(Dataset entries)
lemma root_tuples_squarefree:
  fixes f :: "'k::{finite,field_gcd} poly"
  assumes "f \<in> monic_polys n" "squarefree f"
  defines "R \<equiv> {x. poly (map_poly to_ac f) x = 0}"
  shows "root_tuples n f = {z \<in> {..<n} \<rightarrow>\<^sub>E R. inj_on z {..<n}}"
proof (intro equalityI subsetI)
  have monic: "lead_coeff f = 1" and deg: "degree f = n"
    using assms(1) by (auto simp: monic_polys_def)
  fix z
  show "z \<in> {z \<in> {..<n} \<rightarrow>\<^sub>E R. inj_on z {..<n}}" if "z \<in> root_tuples n f"
    using that inj_on_root_tuple[OF monic assms(2) that] roots_map_to_ac_root_tuple[OF that]
    by (auto simp: R_def root_tuples_def)
  assume z: "z \<in> {z \<in> {..<n} \<rightarrow>\<^sub>E R. inj_on z {..<n}}"
  obtain z0 where z0: "z0 \<in> root_tuples n f" using root_tuples_nonempty[OF monic deg] ..
  have "finite R" unfolding R_def using monic by (intro poly_roots_finite) auto
  moreover have "card R = n"
    using card_roots_map_to_ac_squarefree[OF monic assms(2)] deg by (simp add: R_def)
  ultimately have "z ` {..<n} = R" using z by (intro card_subset_eq) (auto simp: card_image)
  then have "bij_betw z {..<n} R" "bij_betw z0 {..<n} R"
    using z inj_on_root_tuple[OF monic assms(2) z0] roots_map_to_ac_root_tuple[OF z0]
    by (auto simp: bij_betw_def R_def)
  then have "(\<Prod>i<n. [:- z i, 1:]) = (\<Prod>i<n. [:- z0 i, 1:])"
    using prod.reindex_bij_betw[where h = z and g = "\<lambda>x. [:- x, 1:]"]
      prod.reindex_bij_betw[where h = z0 and g = "\<lambda>x. [:- x, 1:]"] by simp
  then show "z \<in> root_tuples n f" using z z0 by (auto simp: root_tuples_def PiE_def)
qed

lemma card_root_tuples_squarefree:
  fixes f :: "'k::{finite,field_gcd} poly"
  assumes "f \<in> monic_polys n" "squarefree f"
  shows "card (root_tuples n f) = fact n"
proof -
  let ?R = "{x. poly (map_poly to_ac f) x = 0}"
  have "finite ?R" using assms(1) by (intro poly_roots_finite) (auto simp: monic_polys_def)
  moreover have "card ?R = n"
    using assms card_roots_map_to_ac_squarefree[of f] by (auto simp: monic_polys_def)
  ultimately show ?thesis
    by (simp add: root_tuples_squarefree[OF assms] card_inj_on_subset_funcset fact_prod_rev)
qed

lemma permutes_exists_comp_eq:
  assumes "finite A" "inj_on z A" "inj_on w A" "w ` A \<subseteq> z ` A"
  shows "\<exists>\<sigma>. \<sigma> permutes A \<and> (\<forall>i\<in>A. z (\<sigma> i) = w i)"
proof -
  define \<sigma> where "\<sigma> i = (if i \<in> A then inv_into A z (w i) else i)" for i
  have \<sigma>: "\<sigma> i \<in> A" "z (\<sigma> i) = w i" if "i \<in> A" for i
    using that assms(4) by (auto simp: \<sigma>_def inv_into_into f_inv_into_f)
  have "inj_on \<sigma> A"
    using \<sigma> assms(3) by (metis inj_on_def)
  moreover have "\<sigma> ` A = A" using \<sigma>(1) \<open>inj_on \<sigma> A\<close> by (intro endo_inj_surj[OF assms(1)]) auto
  ultimately have "bij_betw \<sigma> A A" by (simp add: bij_betw_def)
  then have "\<sigma> permutes A" by (rule bij_imp_permutes) (simp add: \<sigma>_def)
  then show ?thesis using \<sigma>(2) by blast
qed

lemma permutes_eq_if_comp_eq:
  assumes "\<sigma> permutes A" "\<tau> permutes A" "inj_on z A" "\<forall>i\<in>A. z (\<sigma> i) = z (\<tau> i)"
  shows "\<sigma> = \<tau>"
proof
  fix i show "\<sigma> i = \<tau> i"
    using assms permutes_in_image[OF assms(1)] permutes_in_image[OF assms(2)]
    by (cases "i \<in> A") (auto simp: permutes_not_in inj_on_def)
qed

lemma ex1_frobenius_permutation:
  fixes f :: "'k::{finite,field_gcd} poly"
  assumes "lead_coeff f = 1" "squarefree f" "z \<in> root_tuples n f"
  shows "\<exists>!\<sigma>. \<sigma> permutes {..<n} \<and> (\<forall>i<n. z i ^ CARD('k) = z (\<sigma> i))"
proof -
  have inj: "inj_on z {..<n}" by (rule inj_on_root_tuple[OF assms])
  then have "inj_on (\<lambda>i. z i ^ CARD('k)) {..<n}"
    by (auto simp: inj_on_def dest: power_card_inj_alg_closure)
  moreover have "(\<lambda>i. z i ^ CARD('k)) ` {..<n} \<subseteq> z ` {..<n}"
  proof clarify
    fix i assume "i < n"
    have root: "poly (map_poly to_ac f) x = 0 \<longleftrightarrow> x \<in> z ` {..<n}" for x
      using roots_map_to_ac_root_tuple[OF assms(3)] by blast
    have "0 < CARD('k)" using card_finite_field_ge_2[where 'k='k] by simp
    then show "z i ^ CARD('k) \<in> z ` {..<n}"
      using root[of "z i"] root[of "z i ^ CARD('k)"] \<open>i < n\<close> by (simp add: poly_map_to_ac_power_card)
  qed
  ultimately obtain \<sigma> where "\<sigma> permutes {..<n}" "\<forall>i<n. z i ^ CARD('k) = z (\<sigma> i)"
    using permutes_exists_comp_eq[OF _ inj] by fastforce
  moreover have "\<tau> = \<sigma>" if "\<tau> permutes {..<n}" "\<forall>i<n. z i ^ CARD('k) = z (\<tau> i)" for \<tau>
    using that calculation inj by (intro permutes_eq_if_comp_eq[of \<tau> "{..<n}" \<sigma> z]) auto
  ultimately show ?thesis by blast
qed

definition cycle_length :: "('a \<Rightarrow> 'a) \<Rightarrow> 'a \<Rightarrow> nat" where
  "cycle_length \<sigma> i = (LEAST k. k > 0 \<and> (\<sigma> ^^ k) i = i)"

lemma cycle_length_eq_frob_period:
  fixes z :: "'a \<Rightarrow> 'k::{finite,field} alg_closure"
  assumes "inj_on z A" "\<sigma> permutes A" "\<forall>i\<in>A. z i ^ CARD('k) = z (\<sigma> i)" "i \<in> A"
  shows "cycle_length \<sigma> i = frob_period (z i)"
proof -
  have iter: "(\<sigma> ^^ k) i \<in> A \<and> z ((\<sigma> ^^ k) i) = z i ^ (CARD('k) ^ k)" for k
  proof (induction k)
    case (Suc k)
    have "(\<sigma> ^^ k) i \<in> A" using Suc by simp
    then have "z ((\<sigma> ^^ Suc k) i) = z ((\<sigma> ^^ k) i) ^ CARD('k)" using assms(3) by simp
    also have "\<dots> = z i ^ (CARD('k) ^ Suc k)" using Suc by (simp only: power_Suc2 power_mult)
    finally show ?case using Suc permutes_in_image[OF assms(2)] by simp
  qed (simp add: assms(4))
  then have "(\<sigma> ^^ k) i = i \<longleftrightarrow> z i ^ (CARD('k) ^ k) = z i" for k
    using assms(1,4) by (metis inj_on_def)
  then show ?thesis by (simp add: cycle_length_def frob_period_def)
qed

lemma count_fact_data_cycle_length:
  fixes f :: "'k::{finite,field_gcd} poly"
  assumes "lead_coeff f = 1" "squarefree f" "z \<in> root_tuples n f"
    and "\<sigma> permutes {..<n}" "\<forall>i<n. z i ^ CARD('k) = z (\<sigma> i)"
  shows "count (fact_data f) (d, e)
           = (if e = 1 \<and> d > 0 then card {i \<in> {..<n}. cycle_length \<sigma> i = d} div d else 0)"
proof -
  have inj: "inj_on z {..<n}" by (rule inj_on_root_tuple[OF assms(1-3)])
  have "{i \<in> {..<n}. cycle_length \<sigma> i = d} = {i \<in> {..<n}. frob_period (z i) = d}"
    using cycle_length_eq_frob_period[OF inj assms(4)] assms(5) by auto
  moreover have "z ` {i \<in> {..<n}. frob_period (z i) = d}
                 = {x. poly (map_poly to_ac f) x = 0 \<and> frob_period x = d}"
    using roots_map_to_ac_root_tuple[OF assms(3)] by auto
  ultimately have "card {i \<in> {..<n}. cycle_length \<sigma> i = d}
                   = d * card {P \<in> prime_factors f. degree P = d}"
    using card_image[OF inj_on_subset[OF inj]] card_roots_frob_period_squarefree[OF assms(1,2)]
    by (metis (no_types, lifting) mem_Collect_eq subsetI)
  moreover have "degree P > 0" if "P \<in> prime_factors f" for P
    using in_prime_factors_imp_prime[OF that]
    by (intro degree_pos_irreducible_poly prime_elem_imp_irreducible prime_imp_prime_elem)
  then have "{P \<in> prime_factors f. degree P = 0} = {}" by auto
  ultimately show ?thesis by (simp add: count_fact_data_squarefree[OF assms(2)])
qed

# INSTRUCTIONS FOR THE TASK:
Reproduce the entries above exactly, starting at their first line and finishing with the line that contains "using assms card_roots_map_to_ac_squarefree[of".

# ANSWER BELOW:
lemma root_tuples_squarefree:
  fixes f :: "'k::{finite,field_gcd} poly"
  assumes "f \<in> monic_polys n" "squarefree f"
  defines "R \<equiv> {x. poly (map_poly to_ac f) x = 0}"
  shows "root_tuples n f = {z \<in> {..<n} \<rightarrow>\<^sub>E R. inj_on z {..<n}}"
proof (intro equalityI subsetI)
  have monic: "lead_coeff f = 1" and deg: "degree f = n"
    using assms(1) by (auto simp: monic_polys_def)
  fix z
  show "z \<in> {z \<in> {..<n} \<rightarrow>\<^sub>E R. inj_on z {..<n}}" if "z \<in> root_tuples n f"
    using that inj_on_root_tuple[OF monic assms(2) that] roots_map_to_ac_root_tuple[OF that]
    by (auto simp: R_def root_tuples_def)
  assume z: "z \<in> {z \<in> {..<n} \<rightarrow>\<^sub>E R. inj_on z {..<n}}"
  obtain z0 where z0: "z0 \<in> root_tuples n f" using root_tuples_nonempty[OF monic deg] ..
  have "finite R" unfolding R_def using monic by (intro poly_roots_finite) auto
  moreover have "card R = n"
    using card_roots_map_to_ac_squarefree[OF monic assms(2)] deg by (simp add: R_def)
  ultimately have "z ` {..<n} = R" using z by (intro card_subset_eq) (auto simp: card_image)
  then have "bij_betw z {..<n} R" "bij_betw z0 {..<n} R"
    using z inj_on_root_tuple[OF monic assms(2) z0] roots_map_to_ac_root_tuple[OF z0]
    by (auto simp: bij_betw_def R_def)
  then have "(\<Prod>i<n. [:- z i, 1:]) = (\<Prod>i<n. [:- z0 i, 1:])"
    using prod.reindex_bij_betw[where h = z and g = "\<lambda>x. [:- x, 1:]"]
      prod.reindex_bij_betw[where h = z0 and g = "\<lambda>x. [:- x, 1:]"] by simp
  then show "z \<in> root_tuples n f" using z z0 by (auto simp: root_tuples_def PiE_def)
qed

lemma card_root_tuples_squarefree:
  fixes f :: "'k::{finite,field_gcd} poly"
  assumes "f \<in> monic_polys n" "squarefree f"
  shows "card (root_tuples n f) = fact n"
proof -
  let ?R = "{x. poly (map_poly to_ac f) x = 0}"
  have "finite ?R" using assms(1) by (intro poly_roots_finite) (auto simp: monic_polys_def)
  moreover have "card ?R = n"
    using assms card_roots_map_to_ac_squarefree[of f] by (auto simp: monic_polys_def)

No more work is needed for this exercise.